Занять позицию трезвого наблюдателя перед лицом этой палитры возможных стратегий чтения довольно трудно, но — убежден — необходимо. Пора. Слишком очевиден предсказуемый разброс мнений, хвала и хула одинаково набили оскомину, чем повторять многажды сказанное — лучше помолчать. Получается, что aut nihil, aut… что? Вот здесь-то и начинается самое главное…

Начать нужно, конечно, с повторения пройденного: без гнева и пристрастия напомнить законы, самим Лакшиным “над собою признанные”. Восстановить их из текстов не так уж трудно. Возьмем фрагмент из воспоминаний о замечательно талантливом и опрометчиво полузабытом Марке Щеглове: “Я не успел опомниться, как Марк, растопырив костыли, раскрылетившись, как щегол, и подняв подбородок вверх, что придало ему особенно боевое выражение, налетел на обидчика, что-то крича и яростно наступая…”. Здесь знаменательно все — и поступок недужного Щеглова, без раздумий бросающегося в обреченную на неуспех атаку на хулигана, оскорбившего женщину, и лакшинское описание этого поступка. Да-да, именно — то и другое вместе: само по себе художественное (литературно-критическое, мемуарное, устное…) слово мало что значит. Ценно только сопряжение слова и поступка, сколь угодно талантливые писания непременно должны сопровождаться делами по чести — бытовыми, литературными, политическими: от спасения несправедливо униженных незнакомцев до подписания писем в защиту литературных соратников. Вместе с тем, слово не просто служит истоком действия, но и само по себе является окликом, призывающим оглянуться и вздрогнуть, а не, скажем, задуматься о художественных тонкостях разбираемой повести. Стиль подобен резкому жесту: “раскрылетившись…”.

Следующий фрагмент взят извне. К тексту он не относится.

definition C2_on :: "('a::real_normed_vector \<Rightarrow> real) \<Rightarrow> 'a set \<Rightarrow> bool" where
  "C2_on g S \<longleftrightarrow> (\<exists>(D :: 'a \<Rightarrow> 'a \<Rightarrow>\<^sub>L real) (D2 :: 'a \<Rightarrow> 'a \<Rightarrow>\<^sub>L ('a \<Rightarrow>\<^sub>L real)).
      (\<forall>x\<in>S. (g has_derivative blinfun_apply (D x)) (at x)) \<and>
      (\<forall>x\<in>S. (D has_derivative blinfun_apply (D2 x)) (at x)) \<and>
      continuous_on S D2)"

(* Standing assumptions of the model.  pt = tilde-pi (type, actual emission, perceived emission),
   E = [0, eb], Theta = [tlo, thi], f = density of F on Theta. *)
definition model_assms ::
  "(real \<Rightarrow> real \<Rightarrow> real \<Rightarrow> real) \<Rightarrow> real \<Rightarrow> real \<Rightarrow> real \<Rightarrow> (real \<Rightarrow> real) \<Rightarrow> bool" where
  "model_assms pt eb tlo thi f \<longleftrightarrow>
     0 < eb \<and> tlo < thi \<and>
     (\<forall>\<theta>\<in>{tlo..thi}. 0 \<le> f \<theta>) \<and> continuous_on {tlo..thi} f \<and> (f has_integral 1) {tlo..thi} \<and>
     continuous_on ({tlo..thi} \<times> {0..eb} \<times> {0..eb}) (\<lambda>(\<theta>, e, et). pt \<theta> e et) \<and>
     C2_on (\<lambda>(\<theta>, e, et). pt \<theta> e et) (interior ({tlo..thi} \<times> {0..eb} \<times> {0..eb})) \<and>
     (\<forall>\<theta>\<in>{tlo..thi}. \<forall>et\<in>{0..eb}. \<forall>e1\<in>{0..eb}. \<forall>e2\<in>{0..eb}.
        e1 < e2 \<longrightarrow> pt \<theta> e1 et < pt \<theta> e2 et) \<and>
     (\<forall>\<theta>\<in>{tlo..thi}. \<forall>e\<in>{0..eb}. \<forall>e1\<in>{0..eb}. \<forall>e2\<in>{0..eb}.
        e1 < e2 \<longrightarrow> pt \<theta> e e2 < pt \<theta> e e1) \<and>
     (\<forall>\<theta>\<in>{tlo..thi}. strictly_concave_on {0..eb} (\<lambda>e. pt \<theta> e e)) \<and>
     (\<forall>\<theta>\<in>{tlo..thi}. pt \<theta> 0 0 < pt \<theta> eb eb)"

definition red_profit :: "(real \<Rightarrow> real \<Rightarrow> real \<Rightarrow> real) \<Rightarrow> real \<Rightarrow> real \<Rightarrow> real" where
  "red_profit pt \<theta> e = pt \<theta> e e"

definition belief_compatible :: "real \<Rightarrow> (real \<Rightarrow> real) \<Rightarrow> real set" where
  "belief_compatible eb d = {e \<in> {0..eb}. \<forall>e'\<in>{0..eb}. d e' = d e \<longrightarrow> e' \<le> e}"

definition policies ::
  "(real \<Rightarrow> real \<Rightarrow> real \<Rightarrow> real) \<Rightarrow> real \<Rightarrow> real \<Rightarrow> real \<Rightarrow> (real \<Rightarrow> real) set" where
  "policies pt eb tlo thi = {d. (\<forall>e\<in>{0..eb}. d e \<in> {0..eb}) \<and>
      (\<forall>\<theta>\<in>{tlo..thi}. \<exists>e\<in>belief_compatible eb d.
          \<forall>e'\<in>belief_compatible eb d. red_profit pt \<theta> e' \<le> red_profit pt \<theta> e)}"

definition pi_d :: "(real \<Rightarrow> real \<Rightarrow> real \<Rightarrow> real) \<Rightarrow> real \<Rightarrow> (real \<Rightarrow> real) \<Rightarrow> real \<Rightarrow> real" where
  "pi_d pt eb d \<theta> = (SUP e\<in>belief_compatible eb d. red_profit pt \<theta> e)"

definition gamma_d :: "(real \<Rightarrow> real \<Rightarrow> real \<Rightarrow> real) \<Rightarrow> real \<Rightarrow> (real \<Rightarrow> real) \<Rightarrow> real \<Rightarrow> real" where
  "gamma_d pt eb d \<theta> = (LEAST e. e \<in> belief_compatible eb d \<and>
      (\<forall>e'\<in>belief_compatible eb d. red_profit pt \<theta> e' \<le> red_profit pt \<theta> e))"

definition Pi_val ::
  "(real \<Rightarrow> real \<Rightarrow> real \<Rightarrow> real) \<Rightarrow> real \<Rightarrow> real \<Rightarrow> real \<Rightarrow> (real \<Rightarrow> real) \<Rightarrow> (real \<Rightarrow> real) \<Rightarrow> real" where
  "Pi_val pt eb tlo thi f d = integral {tlo..thi} (\<lambda>\<theta>. pi_d pt eb d \<theta> * f \<theta>)"

definition Gamma_val ::
  "(real \<Rightarrow> real \<Rightarrow> real \<Rightarrow> real) \<Rightarrow> real \<Rightarrow> real \<Rightarrow> real \<Rightarrow> (real \<Rightarrow> real) \<Rightarrow> (real \<Rightarrow> real) \<Rightarrow> real" where
  "Gamma_val pt eb tlo thi f d = integral {tlo..thi} (\<lambda>\<theta>. gamma_d pt eb d \<theta> * f \<theta>)"

definition pareto_efficient ::
  "(real \<Rightarrow> real \<Rightarrow> real \<Rightarrow> real) \<Rightarrow> real \<Rightarrow> real \<Rightarrow> real \<Rightarrow> (real \<Rightarrow> real) \<Rightarrow> (real \<Rightarrow> real) \<Rightarrow> bool" where
  "pareto_efficient pt eb tlo thi f d \<longleftrightarrow> d \<in> policies pt eb tlo thi \<and>
     \<not> (\<exists>d'\<in>policies pt eb tlo thi.
          Pi_val pt eb tlo thi f d' \<ge> Pi_val pt eb tlo thi f d \<and>
          Gamma_val pt eb tlo thi f d' \<le> Gamma_val pt eb tlo thi f d \<and>
          (Pi_val pt eb tlo thi f d' > Pi_val pt eb tlo thi f d \<or>
           Gamma_val pt eb tlo thi f d' < Gamma_val pt eb tlo thi f d))"

definition argmax_E :: "(real \<Rightarrow> real \<Rightarrow> real \<Rightarrow> real) \<Rightarrow> real \<Rightarrow> real \<Rightarrow> real set" where
  "argmax_E pt eb \<theta> = {e \<in> {0..eb}. \<forall>e'\<in>{0..eb}. red_profit pt \<theta> e' \<le> red_profit pt \<theta> e}"

definition full_disclosure ::
  "(real \<Rightarrow> real \<Rightarrow> real \<Rightarrow> real) \<Rightarrow> real \<Rightarrow> real \<Rightarrow> real \<Rightarrow> (real \<Rightarrow> real) \<Rightarrow> bool" where
  "full_disclosure pt eb tlo thi d \<longleftrightarrow> (\<forall>e\<in>{0..eb}. d e \<in> {0..eb}) \<and>
     (\<forall>\<theta>\<in>{tlo..thi}. \<forall>e\<in>argmax_E pt eb \<theta>. \<forall>e'\<in>{0..eb}. d e' = d e \<longrightarrow> e' = e)"

end

theory Submission
  imports Defs
begin

text \<open>Under full disclosure each type's unconstrained optimum \<open>\<hat>e(\<theta>)\<close> is belief-compatible,
  so \<open>\<pi>\<^sub>d(\<theta>)\<close> is the global maximum of \<open>\<pi>(\<theta>, \<cdot>)\<close> and \<open>\<Pi>(d)\<close> is maximal.  If another
  policy \<open>d'\<close> attains the same \<open>\<Pi>\<close>, the continuous nonnegative gap \<open>(\<pi>\<^sub>d - \<pi>\<^sub>d\<^sub>') f\<close> integrates
  to zero and hence vanishes; so wherever \<open>f > 0\<close> the policy \<open>d'\<close> also attains the global
  maximum, whose maximizer is unique by strict concavity.  Thus \<open>\<gamma>\<^sub>d\<^sub>' = \<gamma>\<^sub>d = \<hat>e\<close> there,
  \<open>\<Gamma>(d') = \<Gamma>(d)\<close>, and no Pareto improvement exists.\<close>

lemma continuous_on_SUP_attained:
  fixes g :: "'a::metric_space \<Rightarrow> 'b::metric_space \<Rightarrow> real"
  assumes uc: "uniformly_continuous_on (S \<times> E) (\<lambda>(x, e). g x e)"
    and "B \<subseteq> E"
    and attained: "\<forall>x\<in>S. \<exists>e\<in>B. \<forall>e'\<in>B. g x e' \<le> g x e"
  shows "continuous_on S (\<lambda>x. SUP e\<in>B. g x e)"
  unfolding continuous_on_iff
proof (intro ballI allI impI)
  fix x and \<epsilon> :: real assume x: "x \<in> S" and "0 < \<epsilon>"
  then obtain \<delta> where "\<delta> > 0" and \<delta>: "\<forall>p\<in>S \<times> E. \<forall>q\<in>S \<times> E. dist q p < \<delta> \<longrightarrow>
      dist ((\<lambda>(x, e). g x e) q) ((\<lambda>(x, e). g x e) p) < \<epsilon>"
    using uc unfolding uniformly_continuous_on_def by metis
  have SUP_eq: "(SUP e\<in>B. g y e) = g y e0" if "e0 \<in> B" "\<forall>e'\<in>B. g y e' \<le> g y e0" for y e0
    using that by (intro cSup_eq_maximum) auto
  show "\<exists>\<delta>>0. \<forall>x'\<in>S. dist x' x < \<delta> \<longrightarrow> dist (SUP e\<in>B. g x' e) (SUP e\<in>B. g x e) < \<epsilon>"
  proof (intro exI[of _ \<delta>] conjI ballI impI \<open>\<delta> > 0\<close>)
    fix x' assume x': "x' \<in> S" and "dist x' x < \<delta>"
    obtain e1 where e1: "e1 \<in> B" "\<forall>e'\<in>B. g x e' \<le> g x e1" using attained x by blast
    obtain e2 where e2: "e2 \<in> B" "\<forall>e'\<in>B. g x' e' \<le> g x' e2" using attained x' by blast
    have close: "\<bar>g x' e - g x e\<bar> < \<epsilon>" if "e \<in> B" for e
    proof -
      have "dist (x', e) (x, e) < \<delta>" using \<open>dist x' x < \<delta>\<close> by (simp add: dist_Pair_Pair)
      then show ?thesis using \<delta> x x' that \<open>B \<subseteq> E\<close> by (auto simp: dist_real_def)
    qed
    have "\<bar>g x' e2 - g x e1\<bar> < \<epsilon>"
      using close[OF e1(1)] close[OF e2(1)] e1(2)[rule_format, OF e2(1)] e2(2)[rule_format, OF e1(1)]
      by linarith
    then show "dist (SUP e\<in>B. g x' e) (SUP e\<in>B. g x e) < \<epsilon>"
      using SUP_eq[OF e1] SUP_eq[OF e2] by (simp add: dist_real_def)
  qed
qed

lemma strictly_concave_on_max_unique:
  assumes conc: "strictly_concave_on S g"
    and "x \<in> S" "\<forall>z\<in>S. g z \<le> g x"
    and "y \<in> S" "\<forall>z\<in>S. g z \<le> g y"
  shows "x = y"
proof (rule ccontr)
  assume "x \<noteq> y"
  let ?m = "(1 - 1/2) * x + (1/2) * y"
  have "?m \<in> S"
    using conc convexD[of S x y "1 - 1/2" "1/2"] \<open>x \<in> S\<close> \<open>y \<in> S\<close>
    unfolding strictly_concave_on_def by simp
  moreover have "g ?m > (1 - 1/2) * g x + (1/2) * g y"
    using conc[unfolded strictly_concave_on_def, THEN conjunct2, rule_format, of x y "1/2"]
      \<open>x \<in> S\<close> \<open>y \<in> S\<close> \<open>x \<noteq> y\<close> by simp
  ultimately show False
    using assms(3,5) by fastforce
qed

lemma continuous_le_integral_eq_imp_eq:
  fixes g h :: "real \<Rightarrow> real"
  assumes "a < b" "continuous_on {a..b} g" "continuous_on {a..b} h"
    and le: "\<forall>x\<in>{a..b}. g x \<le> h x"
    and "integral {a..b} g = integral {a..b} h"
    and "x \<in> {a..b}"
  shows "g x = h x"
proof -
  have g_int: "(g has_integral integral {a..b} g) {a..b}"
    and h_int: "(h has_integral integral {a..b} h) {a..b}"
    using assms(2,3) by (simp_all add: integrable_continuous_interval integrable_integral)
  have "((\<lambda>x. h x - g x) has_integral 0) (cbox a b)"
    using has_integral_diff[OF h_int g_int] assms(5) by simp
  then have "h x - g x = 0"
  proof (rule has_integral_0_cbox_imp_0[rotated 2])
    show "continuous_on (cbox a b) (\<lambda>x. h x - g x)"
      using assms(2,3) by (simp add: continuous_on_diff)
    show "0 \<le> h y - g y" if "y \<in> box a b" for y
      using le that by simp
  qed (use assms(1,6) in simp_all)
  then show ?thesis by simp
qed

lemma belief_compatible_subset: "belief_compatible eb d \<subseteq> {0..eb}"
  unfolding belief_compatible_def by blast

lemma pi_d_attained:
  assumes "d \<in> policies pt eb tlo thi" "\<theta> \<in> {tlo..thi}"
  obtains e where "e \<in> belief_compatible eb d"
    and "\<forall>e'\<in>belief_compatible eb d. red_profit pt \<theta> e' \<le> red_profit pt \<theta> e"
    and "pi_d pt eb d \<theta> = red_profit pt \<theta> e"
proof -
  obtain e where e: "e \<in> belief_compatible eb d"
      "\<forall>e'\<in>belief_compatible eb d. red_profit pt \<theta> e' \<le> red_profit pt \<theta> e"
    using assms unfolding policies_def by blast
  moreover have "pi_d pt eb d \<theta> = red_profit pt \<theta> e"
    unfolding pi_d_def using e by (intro cSup_eq_maximum) auto
  ultimately show thesis by (rule that)
qed
lemma set_integral_indicator_interval_le:
  fixes u v z \<rho> :: real
  assumes "0 \<le> \<rho>"
  shows "set_integrable lborel {u<..v} (indicator {z-\<rho><..<z+\<rho>} :: real \<Rightarrow> real)"
    and "(LINT y:{u<..v}|lborel. indicator {z-\<rho><..<z+\<rho>} y) \<le> 2 * \<rho>"
proof -
  let ?B = "{z-\<rho><..<z+\<rho>}"
  have eq: "(\<lambda>y. indicator {u<..v} y *\<^sub>R (indicator ?B y :: real)) = indicator ({u<..v} \<inter> ?B)"
    by (auto simp: indicator_def)
  have B: "?B \<in> fmeasurable lborel" using assms by (intro fmeasurableI) auto
  then have "?B \<inter> {u<..v} \<in> fmeasurable lborel"
    by (rule fmeasurable_Int_fmeasurable) auto
  then show "set_integrable lborel {u<..v} (indicator ?B :: real \<Rightarrow> real)"
    unfolding set_integrable_def eq
      by (simp add: integrable_indicator_iff fmeasurable_def Int_commute)
  have "measure lborel ({u<..v} \<inter> ?B) \<le> measure lborel ?B"
    by (rule measure_mono_fmeasurable[OF _ _ B]) auto
  then show "(LINT y:{u<..v}|lborel. indicator ?B y) \<le> 2 * \<rho>"
    unfolding set_lebesgue_integral_def eq using assms by simp
qed

lemma set_integral_approx_const:
  fixes F :: "real \<Rightarrow> real" and u v w e \<rho> z :: real
  assumes "continuous_on {u..v} F" "u \<le> v" "0 \<le> w" "0 \<le> e" "e \<le> 1" "0 \<le> \<rho>"
    and bounds: "\<forall>y\<in>{u..v}. 0 \<le> F y \<and> F y \<le> (1 + e) * w \<and> (\<rho> \<le> \<bar>y - z\<bar> \<longrightarrow> (1 - e) * w \<le> F y)"
  shows "\<bar>(LINT y:{u<..v}|lborel. F y) - (v - u) * w\<bar> \<le> (e * (v - u) + 2 * \<rho>) * w"
proof -
  let ?A = "{u<..v}" and ?B = "{z-\<rho><..<z+\<rho>}"
  have int_F: "set_integrable lborel ?A F"
    by (rule set_integrable_subset[OF borel_integrable_atLeastAtMost'[OF assms(1)]]) auto
  have int_const: "set_integrable lborel ?A (\<lambda>_. c)" for c :: real
    by (rule set_integrable_subset[OF
        borel_integrable_atLeastAtMost'[OF continuous_on_const[of "{u..v}"]]]) auto
  have integral_const: "(LINT y:?A|lborel. c) = c * (v - u)" for c :: real
    using assms(2) by (subst set_integral_const) auto
  note int_B = set_integral_indicator_interval_le[OF assms(6), of u v z]
  define c where "c = (1 - e) * w"
  have "0 \<le> c" unfolding c_def using assms by simp
  have int_lower: "set_integrable lborel ?A (\<lambda>y. c - c * indicator ?B y)"
    using int_const int_B(1) by (intro set_integral_diff(1) set_integrable_mult_right) auto
  have "c * (v - u) - c * (2 * \<rho>) \<le> c * (v - u) - c * (LINT y:?A|lborel. indicator ?B y)"
    using int_B(2) \<open>0 \<le> c\<close> by (simp add: mult_left_mono)
  also have "\<dots> = (LINT y:?A|lborel. c - c * indicator ?B y)"
    using int_const int_B(1) by (subst set_integral_diff(2)) (auto simp: integral_const)
  also have "\<dots> \<le> (LINT y:?A|lborel. F y)"
  proof (rule set_integral_mono[OF int_lower int_F])
    fix y assume "y \<in> ?A"
    then show "c - c * indicator ?B y \<le> F y"
      using bounds unfolding c_def by (cases "y \<in> ?B") (auto simp: indicator_def)
  qed
  finally have lower: "c * (v - u) - c * (2 * \<rho>) \<le> (LINT y:?A|lborel. F y)" .
  have "(LINT y:?A|lborel. F y) \<le> (LINT y:?A|lborel. (1 + e) * w)"
    using bounds by (intro set_integral_mono[OF int_F int_const]) auto
  then have upper: "(LINT y:?A|lborel. F y) \<le> (1 + e) * w * (v - u)"
    using integral_const[of "(1 + e) * w"] by linarith
  have "c * (2 * \<rho>) \<le> w * (2 * \<rho>)"
    unfolding c_def using assms by (intro mult_right_mono) (auto simp: algebra_simps)
  then have "(v - u) * w - (LINT y:?A|lborel. F y) \<le> (e * (v - u) + 2 * \<rho>) * w"
    using lower unfolding c_def by (simp add: algebra_simps)
  moreover have "(LINT y:?A|lborel. F y) - (v - u) * w \<le> (e * (v - u) + 2 * \<rho>) * w"
  proof -
    have "0 \<le> \<rho> * w" using assms by simp
    then show ?thesis using upper by (simp add: algebra_simps)
  qed
  ultimately show ?thesis by (simp add: abs_le_iff)
qed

В результате сближения слов и поступков возникает не романтическая отстраненность от будней (как у Жуковского: “Жизнь и поэзия одно…”), но нечто прямо противоположное: пресловутый российский “литературоцентризм”. Литература вбирает в свои широкошумные пределы этику, экономику, политику. Не только поэт — больше, чем поэт, но и литератор как таковой — и на дуде игрец, и мореплаватель, и плотник. Такой может в совершенно личном дневнике (см. двухлетней давности публикацию в “Дружбе народов”) записать вот что: “В Омске нашли стат/истические/ материалы по области: в 27 г. поголовье скота было в 5 раз больше нынешнего. А ведь и населения в этих краях прибыло. Расхищают народное достояние, даже не госуд/арственное/, а народное. Перед кем ответ держать? Государство видит свою выгоду сейчас, а народ спросит и через 100, через 200 лет. Есть счет и на погубленную рыбу, и на затопленные леса, и на горные разработки, где берут, что лежит сверху, а 75% забрасывают”.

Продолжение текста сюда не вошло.